We love technology. It expands our world. It eases our work. It can make us safer. It has the capacity to connect us.
But as stories both global and local demonstrate, technology use can also overreach and intrude. Ask Angela Merkel, Germany’s prime minister, who had her phone tapped by the NSA. Or ask the scofflaw in the Walmart parking lot on Roosevelt who had the boot affixed after the village’s new Automatic License Plate Reader (ALPR) scanned his plate and pegged him for outstanding parking tickets.
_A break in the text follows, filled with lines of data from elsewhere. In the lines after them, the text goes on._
lemma descent_from_nonpositive_start_impossible:
  fixes u u' \<rho> :: "real \<Rightarrow> real"
  assumes "a < b"
    and der: "\<forall>r\<in>{a..b}. (u has_real_derivative u' r) (at r within {a..b})"
    and \<rho>: "\<forall>r\<in>{a..b}. 0 < \<rho> r \<and> \<rho> r \<le> \<rho>max"
    and u'_lt: "\<forall>r\<in>{a..b}. \<bar>u' r\<bar> < 1"
    and u_pos: "\<forall>r\<in>{a..b}. 0 < u r \<and> u r < m"
    and descent: "descends_at_rate L u (\<lambda>r. \<rho> r * phi1 (u' r)) a b"
    and start: "\<rho> a * phi1 (u' a) \<le> 0"
    and m: "m \<le> (b - a) / 4" and L: "8 * \<rho>max < L * (b - a)\<^sup>2"
  shows False
proof -
  have "0 < \<rho>max"
    using \<rho> \<open>a < b\<close> by force
  then have "0 < L"
    using L by (smt (verit) zero_le_power2 mult_nonpos_nonneg)
  have u_nonneg: "\<forall>r\<in>{a..b}. 0 \<le> u r"
    using u_pos by (simp add: less_imp_le)
  define q where "q = (a + b) / 2"
  have q: "a < q" "q < b" "q - a = (b - a) / 2" "b - q = (b - a) / 2"
    using \<open>a < b\<close> by (simp_all add: q_def field_simps)
  define c where "c = u q"
  have c: "0 < c" "c < m"
    using u_pos q by (simp_all add: c_def)
  \<comment> \<open>u is antitone, so the left half pushes the midpoint flux below - \<rho>max K; on the right
    half it stays there, forcing u to fall at slope min K 1 / 2, by more than its height c\<close>
  define K where "K = L * (q - a) * c / \<rho>max"
  have "0 < K"
    using \<open>0 < L\<close> \<open>0 < \<rho>max\<close> q c by (simp add: K_def)
  have "\<forall>r\<in>{a..b}. 0 < \<rho> r"
    using \<rho> by blast
  then have "\<forall>t\<in>{a..q}. c \<le> u t"
    using descent_from_nonpositive_start_antimono[OF der _ u'_lt u_nonneg descent start] q(2)
    unfolding c_def by auto
  then have "\<rho> q * phi1 (u' q) \<le> \<rho> a * phi1 (u' a) - L * (q - a) * c"
    using descent[unfolded descends_at_rate_def, rule_format, of a q c] q(1,2) by simp
  then have flux_q: "\<rho> q * phi1 (u' q) \<le> - (\<rho>max * K)"
    using start \<open>0 < \<rho>max\<close> by (simp add: K_def)
  have "\<forall>r\<in>{q..b}. 0 < \<rho> r \<and> \<rho> r \<le> \<rho>max \<and> \<bar>u' r\<bar> < 1 \<and> \<rho> r * phi1 (u' r) \<le> - (\<rho>max * K)"
    using \<rho> u'_lt descends_at_rate_antimono[OF descent u_nonneg, of q] flux_q q by fastforce
  then have "u b + min K 1 / 2 * (b - q) \<le> c"
    unfolding c_def
    by (rule flux_below_imp_fall[OF der less_imp_le[OF q(1)] less_imp_le[OF q(2)] order_refl \<open>0 < K\<close>])
  moreover have "0 < u b"
    using u_pos \<open>a < b\<close> by simp
  moreover have "c \<le> min K 1 / 2 * (b - q)"
  proof (rule fall_exceeds_height[OF c(1) \<open>0 < \<rho>max\<close>])
    show "c < (b - q) / 2" "K = L * (b - q) * c / \<rho>max"
      using c m q by (simp_all add: K_def)
    have "L * (b - a)\<^sup>2 = 4 * (L * (b - q)\<^sup>2)"
      unfolding q(4) by (simp add: power2_eq_square)
    then show "2 * \<rho>max < L * (b - q)\<^sup>2"
      using L by linarith
  qed
  ultimately show False
    by linarith
qed
lemma sum_inverse_sqrt_cube_le: "(\<Sum>k=1..n. 1 / (real k * sqrt (real k))) \<le> 3"
proof -
  have telescoped: "(\<Sum>k=1..n. 1 / (real k * sqrt (real k))) \<le> 3 - 2 / sqrt (real n)"
    if "1 \<le> n" for n
    using that
  proof (induction n rule: dec_induct)
    case (step n)
    let ?a = "sqrt (real n)" and ?b = "sqrt (real (Suc n))"
    have a: "1 \<le> ?a" "?a \<le> ?b" using step by auto
    have "(?b - ?a) * (?b + ?a) = 1" by (simp add: algebra_simps)
    then have "?b - ?a = 1 / (?b + ?a)"
      using a by (simp add: eq_divide_eq add_nonneg_eq_0_iff)
    have "?a * ?b * (?b + ?a) \<le> ?b * ?b * (2 * ?b)"
      using a by (intro mult_mono) auto
    then have "2 / (?b * ?b * (2 * ?b)) \<le> 2 / (?a * ?b * (?b + ?a))"
      using a by (intro divide_left_mono) (auto intro!: mult_pos_pos add_pos_pos)
    then have "1 / (real (Suc n) * ?b) \<le> 2 / (?a * ?b * (?b + ?a))"
      by simp
    also have "\<dots> = 2 * (?b - ?a) / (?a * ?b)"
      using \<open>?b - ?a = 1 / (?b + ?a)\<close> by simp
    also have "\<dots> = 2 / ?a - 2 / ?b"
      using a by (simp add: field_simps)
    finally show ?case using step by simp
  qed simp
  show ?thesis
  proof (cases "n = 0")
    case False
    then have "(\<Sum>k=1..n. 1 / (real k * sqrt (real k))) \<le> 3 - 2 / sqrt (real n)"
      by (intro telescoped) simp
    also have "\<dots> \<le> 3"
      by simp
    finally show ?thesis .
  qed simp
qed

lemma exp_minus_one_le:
  assumes "0 \<le> (y::real)"
  shows "exp y - 1 \<le> y * exp y"
proof -
  have "(1 - y) * exp y \<le> exp (- y) * exp y"
    using exp_ge_add_one_self[of "- y"] by (intro mult_right_mono) auto
  then show ?thesis
    by (simp add: exp_minus field_simps)
qed

lemma powr_le_sqrt:
  fixes x t :: real
  assumes "1 \<le> x" "t \<le> 1 / 2"
  shows "x powr t \<le> sqrt x"
  using powr_mono[OF assms(2,1)] assms(1) by (simp add: powr_half_sqrt)

lemma exp_add_le_mean_exp_double: "exp (u + v) \<le> (exp (2 * u) + exp (2 * v)) / 2" for u v :: real
  using sum_squares_bound[of "exp u" "exp v"]
  by (simp add: exp_add exp_double[symmetric] field_simps)

lemma diff_power4_le:
  fixes a b :: real
  assumes "0 \<le> a" "0 \<le> b"
  shows "(a - b) ^ 4 \<le> a ^ 4 + b ^ 4"
proof -
  have "(a - b) ^ 4 = \<bar>a - b\<bar> ^ 4"
    by (simp add: power_even_abs_numeral)
  also have "\<dots> \<le> max a b ^ 4"
    using assms by (intro power_mono) auto
  also have "\<dots> \<le> a ^ 4 + b ^ 4"
    using assms by (simp add: max_def)
  finally show ?thesis .
qed

lemma power4_le_exp:
  fixes y :: real
  assumes "0 \<le> y"
  shows "y ^ 4 \<le> 256 * exp y"
proof -
  have "(y / 4) ^ 4 \<le> exp (y / 4) ^ 4"
    using assms exp_ge_add_one_self[of "y / 4"] by (intro power_mono; linarith)
  then show ?thesis
    by (simp add: exp_of_nat_mult[symmetric] power_divide)
qed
Actually, we aren’t concerned about finding new ways to catch scofflaws. But we share the concern of the American Civil Liberties Union which has recently sent Forest Park and other towns Freedom of Information Act requests to find out just how the village is using its new ALPR cameras. The worry is that hundreds of other Kmart shoppers are having their license plates scanned while looking for the scofflaw in the haystack. Between May and October, Forest Park told the ACLU, 66,707 license plates were scanned and 52 citations were issued. The ACLU worries a gigantic NSA-like database is being built that allows the government to know where you were at many hours of the day.
In a demonstration to the Review, the police department made clear that the scanning equipment is cleared of all data every time the system is shut down. That’s good enough for us. But we appreciate the wary eye of both liberals and libertarians concerned about government data collection.